“Oh, for fucks sake,” Zack snapped. “The more she cries and begs, the harder I get, Noah. How the fuck is that a brick for a happy and healthy relationship?” Her softness had crept in between the walls of his heart. Vining and intertwining into the darkest parts of him. She wasn’t asking him to change, but God, she was changing him.
“Not everything that hurts is bad.”
“It’s not that simple.”
“Honestly, it is. Just because you haven’t had a dynamic or feeling like this with someone before doesn’t make it any less valid and real.” Noah handed Zack another drink and opened a beer for himself.

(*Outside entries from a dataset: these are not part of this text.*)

(* critical tuple (G,k,M^*,M), with M^e given by the choice function Me *)
definition critical ::
  "'v set \<Rightarrow> 'v set \<Rightarrow> 'v edge set \<Rightarrow> 'v edge set \<Rightarrow> nat \<Rightarrow> 'v edge set \<Rightarrow> 'v edge set
   \<Rightarrow> ('v edge \<Rightarrow> 'v edge set) \<Rightarrow> bool" where
  "critical A B E R k Mstar M Me \<longleftrightarrow>
     bip_graph A B E R \<and> perfect_matching A B E Mstar \<and> perfect_matching A B E M \<and>
     (\<forall>e \<in> E. \<exists>N. perfect_matching A B E N \<and> e \<in> N) \<and>
     card (red R Mstar) = k \<and>
     3 * card (red R M) < k \<and>
     (\<forall>C. is_dcycle E M C \<and> wM R M C > 0 \<longrightarrow> 3 * card (Eplus R M C) > 2 * k) \<and>
     (\<forall>e \<in> red R (Mstar - M). 3 * card (red R (Me e)) < k)"

definition Cplus :: "'v edge set \<Rightarrow> 'v edge set \<Rightarrow> 'v edge set \<Rightarrow> 'v edge set \<Rightarrow> 'v edge set" where
  "Cplus E R M Mstar = (THE C. is_dcycle E M C \<and> C \<subseteq> symdiff M Mstar \<and> wM R M C > 0)"

definition Ce :: "'v edge set \<Rightarrow> 'v edge set \<Rightarrow> ('v edge \<Rightarrow> 'v edge set) \<Rightarrow> 'v edge \<Rightarrow> 'v edge set" where
  "Ce E M Me e = (THE C. is_dcycle E M C \<and> C \<subseteq> symdiff M (Me e) \<and> e \<in> C)"

definition is_jump :: "'v edge set \<Rightarrow> 'v edge set \<Rightarrow> 'v edge set \<Rightarrow> 'v edge set \<Rightarrow> 'v edge set \<Rightarrow> bool" where
  "is_jump E M Cp C Q \<longleftrightarrow> (\<exists>vs. dpath E M vs \<and> length vs \<ge> 2 \<and> Q = path_edges E vs \<and> Q \<subseteq> C \<and>
      hd vs \<in> verts Cp \<and> last vs \<in> verts Cp \<and> set (butlast (tl vs)) \<inter> verts Cp = {} \<and>
      Q \<inter> Cp = {})"

(* interjumps: the (maximal) sub-paths of C contained in Cp, i.e. the pieces of C
   between consecutive jumps *)
definition interjumps :: "'v edge set \<Rightarrow> 'v edge set \<Rightarrow> 'v edge set \<Rightarrow> 'v edge set \<Rightarrow> 'v edge set set" where
  "interjumps E M Cp C = {P. (\<exists>vs. dpath E M vs \<and> P = path_edges E vs) \<and> P \<subseteq> C \<inter> Cp \<and>
      \<not> (\<exists>ws. dpath E M ws \<and> path_edges E ws \<subseteq> C \<inter> Cp \<and> P \<subset> path_edges E ws)}"

definition CQ :: "'v edge set \<Rightarrow> 'v edge set \<Rightarrow> 'v edge set \<Rightarrow> 'v edge set \<Rightarrow> 'v edge set" where
  "CQ E M Cp Q = (THE C. is_dcycle E M C \<and> C \<subseteq> Cp \<union> Q \<and> Q \<subseteq> C)"

definition forward_jump :: "'v edge set \<Rightarrow> 'v edge set \<Rightarrow> 'v edge set \<Rightarrow> 'v edge set \<Rightarrow> 'v edge set \<Rightarrow> bool" where
  "forward_jump E R M Cp Q \<longleftrightarrow> wM R M (CQ E M Cp Q) > 0"

definition reach :: "'v edge set \<Rightarrow> 'v edge set \<Rightarrow> 'v edge set \<Rightarrow> 'v edge set \<Rightarrow> 'v edge set \<Rightarrow> 'v edge set" where
  "reach E R M Cp Q = (if forward_jump E R M Cp Q then Cp - CQ E M Cp Q else CQ E M Cp Q - Q)"

definition reach_back :: "'v edge set \<Rightarrow> 'v edge set \<Rightarrow> 'v edge set \<Rightarrow> 'v edge set \<Rightarrow> 'v edge set \<Rightarrow> 'v edge set" where
  "reach_back E R M Cp C = \<Union> {reach E R M Cp Q | Q. is_jump E M Cp C Q \<and> \<not> forward_jump E R M Cp Q}"

end

theory Submission
  imports Defs
begin

(*
  In G_M the arcs of the symmetric difference of M with another perfect matching N
  give every vertex of M \<Delta> N exactly one outgoing and one incoming arc, so M \<Delta> N
  splits into vertex-disjoint directed cycles, the orbits of an "alternating successor".
  This makes C_e well defined, and C^+ as well: a second positive cycle in M \<Delta> M^*
  would be disjoint from C^+, and the two would contain more than k red edges of M^*.

  Rotate C^+ and C_e so that both start with the head of e and end with its tail.
  An edge x of C^+ that also lies on C_e belongs to a maximal common path, an interjump.
  Otherwise x joins positions p and p + 1 of C^+; the last vertex of C_e on C^+[0..p]
  and the next vertex of C_e on C^+ bound a jump Q, and C_Q is C^+ with the segment
  through x replaced by Q. So x is not on C_Q while e is. A backward Q would put e into
  r(Q) = C_Q - Q, which is excluded, hence Q is forward, x lies in r(Q) = C^+ - C_Q,
  and e does not.
*)

section \<open>Cycles of a map\<close>

definition is_cycle_of :: "('a \<Rightarrow> 'a) \<Rightarrow> 'a list \<Rightarrow> bool" where
  "is_cycle_of g zs \<longleftrightarrow> (\<forall>i<length zs. zs ! ((i + 1) mod length zs) = g (zs ! i))"

lemma is_cycle_of_funpow:
  assumes "is_cycle_of g zs" and j: "j < length zs"
  shows "(g ^^ k) (zs ! j) = zs ! ((j + k) mod length zs)"
proof (induction k)
  case 0
  then show ?case using j by simp
next
  case (Suc k)
  have "(g ^^ Suc k) (zs ! j) = g (zs ! ((j + k) mod length zs))"
    using Suc by simp
  moreover have "(j + k) mod length zs < length zs"
    using j by (intro mod_less_divisor) linarith
  ultimately have "(g ^^ Suc k) (zs ! j) = zs ! (((j + k) mod length zs + 1) mod length zs)"
    using assms(1) unfolding is_cycle_of_def by simp
  also have "\<dots> = zs ! ((j + Suc k) mod length zs)"
    by (simp add: mod_Suc_eq)
  finally show ?case .
qed

lemma is_cycle_of_set_eq_orbit:
  assumes cyc: "is_cycle_of g zs" and y: "y \<in> set zs"
  shows "set zs = range (\<lambda>k. (g ^^ k) y)"
proof -
  obtain j where j: "j < length zs" "y = zs ! j"
    using y by (auto simp: in_set_conv_nth)
  have "zs ! i \<in> range (\<lambda>k. (g ^^ k) y)" if "i < length zs" for i
  proof
    show "zs ! i = (g ^^ (i + length zs - j)) y"
      using is_cycle_of_funpow[OF cyc j(1), of "i + length zs - j"] j that by simp
  qed simp
  then have "set zs \<subseteq> range (\<lambda>k. (g ^^ k) y)"
    by (auto simp: in_set_conv_nth)
  moreover have "range (\<lambda>k. (g ^^ k) y) \<subseteq> set zs"
    using is_cycle_of_funpow[OF cyc j(1)] j
    by (auto intro!: nth_mem mod_less_divisor[of "length zs"] simp del: mod_less_divisor)
  ultimately show ?thesis by blast
qed

lemma cycle_edges_is_cycle_of:
  assumes "is_cycle_of g zs"
  shows "cycle_edges E zs = (\<lambda>y. edge_of E y (g y)) ` set zs"
proof
  show "cycle_edges E zs \<subseteq> (\<lambda>y. edge_of E y (g y)) ` set zs"
    using assms unfolding cycle_edges_def is_cycle_of_def by auto
  show "(\<lambda>y. edge_of E y (g y)) ` set zs \<subseteq> cycle_edges E zs"
    using assms unfolding cycle_edges_def is_cycle_of_def by (auto simp: in_set_conv_nth) metis
qed

lemma cycle_edges_eq_if_common_vertex:
  assumes "is_cycle_of g zs" "is_cycle_of g ws" "y \<in> set zs" "y \<in> set ws"
  shows "cycle_edges E zs = cycle_edges E ws"
  using assms cycle_edges_is_cycle_of is_cycle_of_set_eq_orbit by metis

lemma is_cycle_of_image:
  assumes "is_cycle_of g zs"
  shows "g ` set zs = set zs"
proof
  show "g ` set zs \<subseteq> set zs"
    using assms unfolding is_cycle_of_def
    by (auto simp: in_set_conv_nth) (metis mod_less_divisor nth_mem gr_implies_not0 not_gr0)
  show "set zs \<subseteq> g ` set zs"
  proof
    fix y assume "y \<in> set zs"
    then obtain j where j: "j < length zs" "y = zs ! j"
      by (auto simp: in_set_conv_nth)
    have n: "0 < length zs"
      using j by linarith
    define i where "i = (j + length zs - 1) mod length zs"
    have "i < length zs"
      unfolding i_def using n by simp
    moreover have "(i + 1) mod length zs = (j + length zs) mod length zs"
      unfolding i_def using n by (simp add: mod_Suc_eq)
    ultimately have "i < length zs" "(i + 1) mod length zs = j"
      using j by auto
    then show "y \<in> g ` set zs"
      using assms j unfolding is_cycle_of_def by (metis image_eqI nth_mem)
  qed
qed

lemma funpow_mem_orbit:
  assumes "y \<in> range (\<lambda>k. (g ^^ k) u)"
  shows "(g ^^ s) y \<in> range (\<lambda>k. (g ^^ k) u)"
proof -
  obtain k where "y = (g ^^ k) u"
    using assms by blast
  then have "(g ^^ s) y = (g ^^ (s + k)) u"
    by (simp add: funpow_add)
  then show ?thesis
    by simp
qed

lemma periodic_point_cycle:
  assumes "(g ^^ p) x = x" "0 < p"
  obtains zs where "distinct zs" "x \<in> set zs" "is_cycle_of g zs" "g x \<noteq> x \<Longrightarrow> length zs \<ge> 2"
proof -
  define q where "q = (LEAST q. 0 < q \<and> (g ^^ q) x = x)"
  have q: "0 < q" "(g ^^ q) x = x"
    unfolding q_def using LeastI[of "\<lambda>q. 0 < q \<and> (g ^^ q) x = x" p] assms by auto
  have minimal: "(g ^^ m) x \<noteq> x" if "0 < m" "m < q" for m
    using that not_less_Least unfolding q_def by blast
  define zs where "zs = map (\<lambda>i. (g ^^ i) x) [0..<q]"
  have len: "length zs = q" and nth: "\<And>i. i < q \<Longrightarrow> zs ! i = (g ^^ i) x"
    unfolding zs_def by simp_all
  have "distinct zs"
    unfolding zs_def distinct_map using inj_on_funpow_least[OF q(2) minimal] by simp
  moreover have "x \<in> set zs"
    using q(1) nth[of 0] len by (metis funpow_0 nth_mem)
  moreover have "is_cycle_of g zs"
    unfolding is_cycle_of_def len
  proof (intro allI impI)
    fix i assume "i < q"
    then show "zs ! ((i + 1) mod q) = g (zs ! i)"
      using q nth by (cases "i + 1 = q") auto
  qed
  moreover have "length zs \<ge> 2" if "g x \<noteq> x"
    using q that len by (cases "q = 1") auto
  ultimately show thesis using that by blast
qed

lemma inj_on_periodic:
  assumes "finite S" "f ` S \<subseteq> S" "inj_on f S" "y \<in> S"
  obtains p where "0 < p" "(f ^^ p) y = y"
proof -
  have orbit: "(f ^^ k) y \<in> S" for k
    by (induction k) (use assms in auto)
  have "\<not> inj_on (\<lambda>k. (f ^^ k) y) {0..card S}"
  proof
    assume "inj_on (\<lambda>k. (f ^^ k) y) {0..card S}"
    then have "card {0..card S} \<le> card S"
      using assms(1) orbit by (intro card_inj_on_le) auto
    then show False by simp
  qed
  then obtain i j where ij: "i < j" "(f ^^ i) y = (f ^^ j) y"
    unfolding inj_on_def by (metis linorder_neqE_nat)
  have cancel: "(f ^^ (i' + d)) y = (f ^^ i') y \<Longrightarrow> (f ^^ d) y = y" for i' d
  proof (induction i')
    case (Suc i')
    then have "(f ^^ (i' + d)) y = (f ^^ i') y"
      using assms(3) orbit by (simp add: inj_on_eq_iff)
    then show ?case using Suc.IH by simp
  qed simp
  show thesis
    using that[of "j - i"] cancel[of i "j - i"] ij by simp
qed

section \<open>Segments of lists\<close>

lemma set_butlast_conv_nth: "set (butlast xs) = {xs ! i | i. i + 1 < length xs}"
proof
  show "set (butlast xs) \<subseteq> {xs ! i | i. i + 1 < length xs}"
  proof
    fix y assume "y \<in> set (butlast xs)"
    then obtain i where "i < length (butlast xs)" "y = butlast xs ! i"
      by (auto simp: in_set_conv_nth)
    then have "i + 1 < length xs" "y = xs ! i"
      by (simp_all add: nth_butlast)
    then show "y \<in> {xs ! i | i. i + 1 < length xs}" by blast
  qed
  show "{xs ! i | i. i + 1 < length xs} \<subseteq> set (butlast xs)"
  proof
    fix y assume "y \<in> {xs ! i | i. i + 1 < length xs}"
    then obtain i where "i + 1 < length xs" "y = xs ! i" by blast
    then have "i < length (butlast xs)" "y = butlast xs ! i"
      by (simp_all add: nth_butlast)
    then show "y \<in> set (butlast xs)" by simp
  qed
qed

“I can’t stand myself most times.”
“To intrude,” Noah shrugged unapologetically. “The three of you flow effortlessly. Anyone can see it.”
For weeks, Zack had purposely pushed Sophie’s limits. Harder on her than any previous play partner. It was clear to see she wasn’t casual to Aiden. The more they played together, the more they flowed fluently during and after a scene—a comfortable dance where words weren’t needed.
She’d brought them all to a new level of comfort.
The thought alone was a terrifying prospect.
He’d been trying to pick apart her reaction. Her quiet submission. The tears he’d so dearly loved to provoke.
Sophie needed someone who would take care of her after he broke her apart, and Aiden did that beautifully. He was a warm, steady presence. But the thought of them finding that rhythm without him, of Aiden’s gentle hands being the only ones to put her back together, was a shard of glass under his skin.
He was the architect of her beautiful ruin; Aiden was the cleanup crew.
But even that wasn’t fair. Aiden wasn’t cleaning up a mess. He was tending to a garden that Zack had forced into bloom, coaxing the fragile petals open after a violent storm. One couldn’t exist without the other. The storm and the garden. The lightning and the earth it strikes.
It was the quiet moments that began to call to him louder than her sweet cries beneath them. Which only made things murkier for Zack and Aiden’s own relationship.
“You can have both.”
Forming a triad with his best friend and their mutual lover was never a thought that’d occurred to him. The possibility of moving things forward only added to the unknown variable of things falling apart, which was unsettling.
With more to lose, was it worth the gamble?
EIGHT
Aiden
“You slipped in early this morning.” Aiden watched Zack through the bathroom mirror. He snickered and continued shaving. “Couldn’t stay away, I see. I know we're irresistible.”
“A man can come home and crawl into his bed after spending too many hours in a metal box filled with co-workers.”
He watched him quietly, noticing the way Zack looked less guarded in the dim morning light. There was a weariness that had nothing to do with travel. “We missed you.”
Zack grunted, turning around to stare out of the floor-to-ceiling windows, the city stirring below. “Business was profitable. That’s all that matters.”
“Is that all that matters?”
The question hung in the air, sharp and clean as the scent of Zack’s aftershave. Aiden rinsed his razor, set it aside, and turned to face him fully, leaning back against the marble counter. He wasn’t going to let him retreat into that fortress of silence.
“When are you going to think of me as an equal?” His words held no malice.
“I do.”
“In business, but not your bed.”
Zack paused at Aiden’s words. The realization was clear and he hadn’t seen it in that way.
“I didn’t know.” He stepped closer until Aiden pressed against the wall. Zack’s eyes blazed.